= Problem details =
In the records below, find each line that holds "replicate" and return it.

*** Records for processing ***

(* Let $T$ be an order tree of height at most $\omega_1$, $G$ a sparse $T$-graph, $H=G\sharp\mathbb{N}$ its ray inflation, and $0\le i<\omega_1$. Then the map $t\mapsto H[\lfloor t\rfloor\times\mathbb{N}]$, where $\lfloor t\rfloor=\{t'\in T : t\le t'\}$, is a bijection between the level $T^i$ and the set of components of $H-(T^{<i}\times\mathbb{N})$.
   Context: An order tree is a partial order $(T,\le)$ with a unique minimal element (the root) in which every set $\{t' : t'\le t\}$ is well-ordered; the height of $t$ is the order type of $\{t' : t'<t\}$; $T^i$ is the set of points of height $i$ and $T^{<i}=\bigcup_{j<i}T^j$; the height of $T$ is the supremum of the order types of its maximal chains. $t$ is a successor of $t'$ (its predecessor) if $t'<t$ with nothing strictly between; otherwise $t$ is a limit. A $T$-graph is a graph $G$ with $V(G)=T$ whose edges join comparable points and in which for every $t$ the neighbours of $t$ below $t$ (its down-neighbours) are cofinal in $\{s : s<t\}$. $G$ is sparse if the set of down-neighbours of each $t$ has order type $\mathrm{cf}(\{s : s<t\})$; for height at most $\omega_1$, this means a successor's only down-neighbour is its predecessor and a non-root limit's down-neighbours form a cofinal $\omega$-sequence below it. The ray inflation $G\sharp\mathbb{N}$ has vertex set $T\times\mathbb{N}$ and edges: $(t,n)(t,n+1)$ for all $t,n$; $(t,n)(t',n)$ for all $n$ if $t$ is a successor with predecessor $t'$; $(t,n)(t_n,n)$ for all $n$ if $t$ is a non-root limit with down-neighbours $t_0<t_1<\cdots$. $H[X]$ denotes the induced subgraph on $X$. *)

theory Defs
  imports Main
begin

definition down :: "'a rel \<Rightarrow> 'a \<Rightarrow> 'a set" where
  "down le t = {s. (s, t) \<in> le}"

definition sdown :: "'a rel \<Rightarrow> 'a \<Rightarrow> 'a set" where
  "sdown le t = {s. (s, t) \<in> le \<and> s \<noteq> t}"

definition up :: "'a rel \<Rightarrow> 'a \<Rightarrow> 'a set" where
  "up le t = {s. (t, s) \<in> le}"

definition order_tree :: "'a set \<Rightarrow> 'a rel \<Rightarrow> bool" where
  "order_tree T le \<longleftrightarrow>
     le \<subseteq> T \<times> T \<and> refl_on T le \<and> antisym le \<and> trans le \<and>
     (\<exists>!r. r \<in> T \<and> (\<forall>t\<in>T. (t, r) \<in> le \<longrightarrow> t = r)) \<and>
     (\<forall>t\<in>T. Well_order (Restr le (down le t)))"

definition is_chain :: "'a set \<Rightarrow> 'a rel \<Rightarrow> 'a set \<Rightarrow> bool" where
  "is_chain T le C \<longleftrightarrow> C \<subseteq> T \<and> (\<forall>x\<in>C. \<forall>y\<in>C. (x, y) \<in> le \<or> (y, x) \<in> le)"

definition maximal_chain :: "'a set \<Rightarrow> 'a rel \<Rightarrow> 'a set \<Rightarrow> bool" where
  "maximal_chain T le C \<longleftrightarrow> is_chain T le C \<and> (\<forall>D. is_chain T le D \<and> C \<subseteq> D \<longrightarrow> D = C)"

text \<open>Height of T at most omega_1: every maximal chain has order type at most omega_1
  (the supremum of these order types is at most omega_1 iff each one is).
  omega_1 is represented by the well-order cardSuc natLeq.\<close>

definition height_le_omega1 :: "'a set \<Rightarrow> 'a rel \<Rightarrow> bool" where
  "height_le_omega1 T le \<longleftrightarrow>
     (\<forall>C. maximal_chain T le C \<longrightarrow> (Restr le C, cardSuc natLeq) \<in> ordLeq)"

text \<open>Levels: the ordinal i is given by a well-order relation; the height of t is the
  order type of its strict down-set.\<close>

definition level :: "'a set \<Rightarrow> 'a rel \<Rightarrow> 'b rel \<Rightarrow> 'a set" where
  "level T le i = {t \<in> T. (Restr le (sdown le t), i) \<in> ordIso}"

definition below_level :: "'a set \<Rightarrow> 'a rel \<Rightarrow> 'b rel \<Rightarrow> 'a set" where
  "below_level T le i = {t \<in> T. (Restr le (sdown le t), i) \<in> ordLess}"

definition is_root :: "'a set \<Rightarrow> 'a rel \<Rightarrow> 'a \<Rightarrow> bool" where
  "is_root T le t \<longleftrightarrow> t \<in> T \<and> (\<forall>s\<in>T. (s, t) \<in> le \<longrightarrow> s = t)"

definition is_pred :: "'a set \<Rightarrow> 'a rel \<Rightarrow> 'a \<Rightarrow> 'a \<Rightarrow> bool" where
  "is_pred T le t' t \<longleftrightarrow> t' \<in> T \<and> t \<in> T \<and> t' \<in> sdown le t \<and>
     \<not> (\<exists>s\<in>T. s \<in> sdown le t \<and> t' \<in> sdown le s)"

definition is_successor :: "'a set \<Rightarrow> 'a rel \<Rightarrow> 'a \<Rightarrow> bool" where
  "is_successor T le t \<longleftrightarrow> (\<exists>t'. is_pred T le t' t)"

definition pred_of :: "'a set \<Rightarrow> 'a rel \<Rightarrow> 'a \<Rightarrow> 'a" where
  "pred_of T le t = (THE t'. is_pred T le t' t)"

definition is_graph :: "'v set \<Rightarrow> 'v rel \<Rightarrow> bool" where
  "is_graph V E \<longleftrightarrow> E \<subseteq> V \<times> V \<and> sym E \<and> irrefl E"
(* Let $G_1$ be a group whose centre $Z(G_1)$ has index $k$ in $G_1$ (with $k$ finite). Let $n,m\ge0$, let $G\le G_1^n$ be a subgroup, let $w(\bar x,\bar y)$ be a group word in the variables $\bar x=(x_1,\dots,x_n)$, $\bar y=(y_1,\dots,y_m)$ and their inverses, and let $\bar g\in G_1^m$, $c\in G_1$. If the set $\{\bar h\in G:w(\bar h,\bar g)=c\}$ is $2k^n$-large in $G$, then $w(\bar h,\bar g)=c$ for all $\bar h\in G$.
   Context: A subset $X\subseteq G$ is $k$-large in $G$ if the intersection of any $k$ left translates $\bar a_1X\cap\dots\cap\bar a_kX$ ($\bar a_i\in G$) is non-empty. *)

theory Defs
  imports "HOL-Algebra.Coset"
begin

definition center :: "('a, 'b) monoid_scheme \<Rightarrow> 'a set" where
  "center G = {z \<in> carrier G. \<forall>x \<in> carrier G. z \<otimes>\<^bsub>G\<^esub> x = x \<otimes>\<^bsub>G\<^esub> z}"

definition power_group :: "('a, 'b) monoid_scheme \<Rightarrow> nat \<Rightarrow> 'a list monoid" where
  "power_group G1 n = \<lparr> carrier = {h. length h = n \<and> set h \<subseteq> carrier G1},
     mult = (\<lambda>a b. map2 (\<lambda>x y. x \<otimes>\<^bsub>G1\<^esub> y) a b),
     one = replicate n \<one>\<^bsub>G1\<^esub> \<rparr>"

definition large :: "('a, 'b) monoid_scheme \<Rightarrow> nat \<Rightarrow> 'a set \<Rightarrow> bool" where
  "large G k X \<longleftrightarrow> (\<forall>a. (\<forall>i<k. a i \<in> carrier G) \<longrightarrow> (\<Inter>i<k. a i <#\<^bsub>G\<^esub> X) \<noteq> {})"

text \<open>Group words in variables x_i (Inl i) and y_j (Inr j); the boolean flag True
  means the letter itself, False its inverse.\<close>
type_synonym word = "((nat + nat) \<times> bool) list"

definition word_vars_ok :: "nat \<Rightarrow> nat \<Rightarrow> word \<Rightarrow> bool" where
  "word_vars_ok n m w \<longleftrightarrow> (\<forall>(v, b) \<in> set w. case v of Inl i \<Rightarrow> i < n | Inr j \<Rightarrow> j < m)"

definition eval_word :: "('a, 'b) monoid_scheme \<Rightarrow> word \<Rightarrow> 'a list \<Rightarrow> 'a list \<Rightarrow> 'a" where
  "eval_word G w h g = foldr (\<lambda>(v, b) acc.
      (let e = (case v of Inl i \<Rightarrow> h ! i | Inr j \<Rightarrow> g ! j)
       in if b then e else inv\<^bsub>G\<^esub> e) \<otimes>\<^bsub>G\<^esub> acc) w \<one>\<^bsub>G\<^esub>"

end

theory Submission
  imports Defs
begin

(* Let Z be the centre of G1 and N the elements of G all of whose coordinates lie in Z.
   For z in N the word factors as w(h z, g) = w(h, g) w(z, 1), and since the coordinatewise
   Z-cosets classify G modulo N, N has at most k^n left cosets e_i N in G.
   Given h0 in G, pick u in N with w(h0 u, g) = c if there is one. A common point h = e_j z
   of the 2 k^n translates e_i h0^-1 X and e_i (h0 u)^-1 X gives h0 z in X and h0 u z in X;
   the first shows that u exists, and cancelling w(z, 1) in the second gives
   w(h0, g) = w(h0 u, g) = c. *)

lemma center_commute: "z \<in> center G \<Longrightarrow> x \<in> carrier G \<Longrightarrow> z \<otimes>\<^bsub>G\<^esub> x = x \<otimes>\<^bsub>G\<^esub> z"
  by (simp add: center_def)

lemma subgroup_center:
  fixes G (structure)
  assumes "group G"
  shows "subgroup (center G) G"
proof -
  interpret group G by fact
  show ?thesis
  proof (rule subgroupI)
    show "center G \<subseteq> carrier G" by (auto simp: center_def)
    show "center G \<noteq> {}" using one_closed by (auto simp: center_def)
  next
    fix a assume a: "a \<in> center G"
    then have ac: "a \<in> carrier G" by (simp add: center_def)
    have "inv a \<otimes> x = x \<otimes> inv a" if x: "x \<in> carrier G" for x
    proof -
      have "a \<otimes> (x \<otimes> inv a) = x"
        using x ac by (simp add: m_assoc[symmetric] center_commute[OF a x]) (simp add: m_assoc)
      then show ?thesis using x ac by (metis inv_solve_left m_closed inv_closed)
    qed
    then show "inv a \<in> center G" using ac by (simp add: center_def)
  next
    fix a b assume a: "a \<in> center G" and b: "b \<in> center G"
    then have ac: "a \<in> carrier G" and bc: "b \<in> carrier G" by (simp_all add: center_def)
    have "a \<otimes> b \<otimes> x = x \<otimes> (a \<otimes> b)" if x: "x \<in> carrier G" for x
    proof -
      have "a \<otimes> b \<otimes> x = a \<otimes> x \<otimes> b" using x ac bc by (simp add: m_assoc center_commute[OF b x])
      also have "\<dots> = x \<otimes> (a \<otimes> b)" using x ac bc by (simp add: m_assoc center_commute[OF a x])
      finally show ?thesis .
    qed
    then show "a \<otimes> b \<in> center G" using ac bc by (simp add: center_def)
  qed
qed

lemma inv_mult_center_if_rcos_eq:
  fixes G (structure)
  assumes "group G" "a \<in> carrier G" "b \<in> carrier G" "center G #> a = center G #> b"
  shows "inv a \<otimes> b \<in> center G"
proof -
  interpret group G by fact
  interpret Z: subgroup "center G" G using subgroup_center[OF assms(1)] .
  have z: "b \<otimes> inv a \<in> center G"
    using Z.rcos_module_imp[OF is_group assms(2)] repr_independenceD[OF Z.subgroup_axioms assms(3,4)] .
  have "inv a \<otimes> b = inv a \<otimes> ((b \<otimes> inv a) \<otimes> a)" using assms(2,3) by (simp add: m_assoc)
  also have "\<dots> = b \<otimes> inv a"
    using z assms(2,3) by (simp add: center_commute m_assoc[symmetric])
  finally show ?thesis using z by simp
qed

lemma nth_in_if_set_subset [simp]: "set xs \<subseteq> A \<Longrightarrow> i < length xs \<Longrightarrow> xs ! i \<in> A"
  by (meson nth_mem subsetD)

lemma carrier_power_group [simp]:
  "carrier (power_group G n) = {h. length h = n \<and> set h \<subseteq> carrier G}"
  by (simp add: power_group_def)

lemma mult_power_group [simp]: "x \<otimes>\<^bsub>power_group G n\<^esub> y = map2 (\<lambda>a b. a \<otimes>\<^bsub>G\<^esub> b) x y"
  by (simp add: power_group_def)

lemma one_power_group [simp]: "\<one>\<^bsub>power_group G n\<^esub> = replicate n \<one>\<^bsub>G\<^esub>"
  by (simp add: power_group_def)

lemma group_power_group:
  fixes G (structure)
  assumes "group G"
  shows "group (power_group G n)"
proof -
  interpret group G by fact
  show ?thesis
  proof (rule groupI)
    fix x assume x: "x \<in> carrier (power_group G n)"
    show "\<exists>y\<in>carrier (power_group G n). y \<otimes>\<^bsub>power_group G n\<^esub> x = \<one>\<^bsub>power_group G n\<^esub>"
      using x by (intro bexI[of _ "map (\<lambda>a. inv a) x"] nth_equalityI) auto
  qed (auto simp: set_zip m_assoc intro!: nth_equalityI)
qed

lemma inv_power_group:
  fixes G (structure)
  assumes "group G" "x \<in> carrier (power_group G n)"
  shows "inv\<^bsub>power_group G n\<^esub> x = map (\<lambda>a. inv\<^bsub>G\<^esub> a) x"
proof -
  interpret group G by fact
  show ?thesis
  proof (rule group.inv_equality[OF group_power_group[OF assms(1)]])
    show "map (\<lambda>a. inv a) x \<otimes>\<^bsub>power_group G n\<^esub> x = \<one>\<^bsub>power_group G n\<^esub>"
      using assms(2) by (intro nth_equalityI) auto
  qed (use assms(2) in auto)
qed

fun eval_letter :: "('a, 'b) monoid_scheme \<Rightarrow> (nat + nat) \<times> bool \<Rightarrow> 'a list \<Rightarrow> 'a list \<Rightarrow> 'a" where
  "eval_letter G (v, b) h g =
     (let e = (case v of Inl i \<Rightarrow> h ! i | Inr j \<Rightarrow> g ! j) in if b then e else inv\<^bsub>G\<^esub> e)"

lemma eval_word_Nil [simp]: "eval_word G [] h g = \<one>\<^bsub>G\<^esub>"
  by (simp add: eval_word_def)

lemma eval_word_Cons [simp]:
  "eval_word G (l # w) h g = eval_letter G l h g \<otimes>\<^bsub>G\<^esub> eval_word G w h g"
  by (cases l) (simp add: eval_word_def)

lemma word_vars_ok_Cons [simp]:
  "word_vars_ok n m ((v, b) # w) \<longleftrightarrow>
     (case v of Inl i \<Rightarrow> i < n | Inr j \<Rightarrow> j < m) \<and> word_vars_ok n m w"
  by (simp add: word_vars_ok_def)

lemma eval_letter_closed:
  fixes G (structure)
  assumes "group G" "word_vars_ok n m [l]" "h \<in> carrier (power_group G n)"
    "g \<in> carrier (power_group G m)"
  shows "eval_letter G l h g \<in> carrier G"
proof -
  interpret group G by fact
  obtain v b where l: "l = (v, b)" by (cases l)
  show ?thesis using assms(2-4) by (auto simp: l Let_def split: sum.splits)
qed

lemma eval_word_closed:
  fixes G (structure)
  assumes "group G" "word_vars_ok n m w" "h \<in> carrier (power_group G n)"
    "g \<in> carrier (power_group G m)"
  shows "eval_word G w h g \<in> carrier G"
  using assms(2)
proof (induction w)
  case Nil
  then show ?case using assms(1) by (simp add: group.is_monoid)
next
  case (Cons l w)
  interpret group G by fact
  have "word_vars_ok n m [l]" "word_vars_ok n m w" using Cons.prems by (simp_all add: word_vars_ok_def)
  then show ?case using Cons.IH eval_letter_closed[OF assms(1) _ assms(3,4)] by simp
qed

lemma eval_letter_central:
  fixes G (structure)
  assumes "group G" "word_vars_ok n m [l]" "length z = n" "set z \<subseteq> center G"
  shows "eval_letter G l z (replicate m \<one>) \<in> center G"
proof -
  interpret Z: subgroup "center G" G using subgroup_center[OF assms(1)] .
  obtain v b where l: "l = (v, b)" by (cases l)
  show ?thesis using assms(2-4) by (auto simp: l Let_def split: sum.splits)
qed

lemma eval_word_mult_central:
  fixes G (structure)
  assumes "group G" "word_vars_ok n m w" "h \<in> carrier (power_group G n)"
    "length z = n" "set z \<subseteq> center G" "g \<in> carrier (power_group G m)"
  shows "eval_word G w (h \<otimes>\<^bsub>power_group G n\<^esub> z) g =
    eval_word G w h g \<otimes> eval_word G w z (replicate m \<one>)"
  using assms(2)
proof (induction w)
  case Nil
  then show ?case using assms(1) by (simp add: group.is_monoid)
next
  case (Cons l w)
  interpret group G by fact
  interpret Z: subgroup "center G" G using subgroup_center[OF assms(1)] .
  obtain v b where l: "l = (v, b)" by (cases l)
  have ok: "word_vars_ok n m [l]" "word_vars_ok n m w"
    using Cons.prems by (simp_all add: l word_vars_ok_def)
  have zc: "z \<in> carrier (power_group G n)" using assms(4,5) Z.subset by auto
  define L where "L = eval_letter G l h g"
  define C where "C = eval_letter G l z (replicate m \<one>)"
  define E where "E = eval_word G w h g"
  define F where "F = eval_word G w z (replicate m \<one>)"
  have C: "C \<in> center G" unfolding C_def by (rule eval_letter_central[OF assms(1) ok(1) assms(4,5)])
  have one: "replicate m \<one> \<in> carrier (power_group G m)" by (simp add: set_replicate_conv_if)
  have carr: "L \<in> carrier G" "C \<in> carrier G" "E \<in> carrier G" "F \<in> carrier G"
    using eval_letter_closed[OF assms(1) ok(1) assms(3,6)] C Z.subset
      eval_word_closed[OF assms(1) ok(2) assms(3,6)] eval_word_closed[OF assms(1) ok(2) zc one]
    by (auto simp: L_def E_def F_def)
  have letter: "eval_letter G l (h \<otimes>\<^bsub>power_group G n\<^esub> z) g = L \<otimes> C"
  proof (cases v)
    case (Inl i)
    then have hz: "h ! i \<in> carrier G" "z ! i \<in> center G" "i < n"
      using ok(1) assms(3-5) by (auto simp: word_vars_ok_def l)
    then have "inv (h ! i \<otimes> z ! i) = inv (h ! i) \<otimes> inv (z ! i)"
      using Z.subset by (auto simp: inv_mult_group center_commute)
    then show ?thesis using hz assms(3,4) by (simp add: L_def C_def l Inl Let_def)
  next
    case (Inr j)
    then show ?thesis using ok(1) assms(6) by (auto simp: word_vars_ok_def L_def C_def l Let_def)
  qed
  have "eval_word G (l # w) (h \<otimes>\<^bsub>power_group G n\<^esub> z) g = L \<otimes> C \<otimes> (E \<otimes> F)"
    using letter Cons.IH[OF ok(2)] by (simp add: E_def F_def)
  also have "\<dots> = L \<otimes> (C \<otimes> E) \<otimes> F" using carr by (simp add: m_assoc)
  also have "\<dots> = L \<otimes> E \<otimes> (C \<otimes> F)" using carr by (simp add: center_commute[OF C] m_assoc)
  finally show ?case by (simp add: L_def C_def E_def F_def)
qed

***

= Task answer =
     one = replicate n \<one>\<^bsub>G1\<^esub> \<rparr>"
lemma one_power_group [simp]: "\<one>\<^bsub>power_group G n\<^esub> = replicate n \<one>\<^bsub>G\<^esub>"
  shows "eval_letter G l z (replicate m \<one>) \<in> center G"
    eval_word G w h g \<otimes> eval_word G w z (replicate m \<one>)"
  define C where "C = eval_letter G l z (replicate m \<one>)"
  define F where "F = eval_word G w z (replicate m \<one>)"
  have one: "replicate m \<one> \<in> carrier (power_group G m)" by (simp add: set_replicate_conv_if)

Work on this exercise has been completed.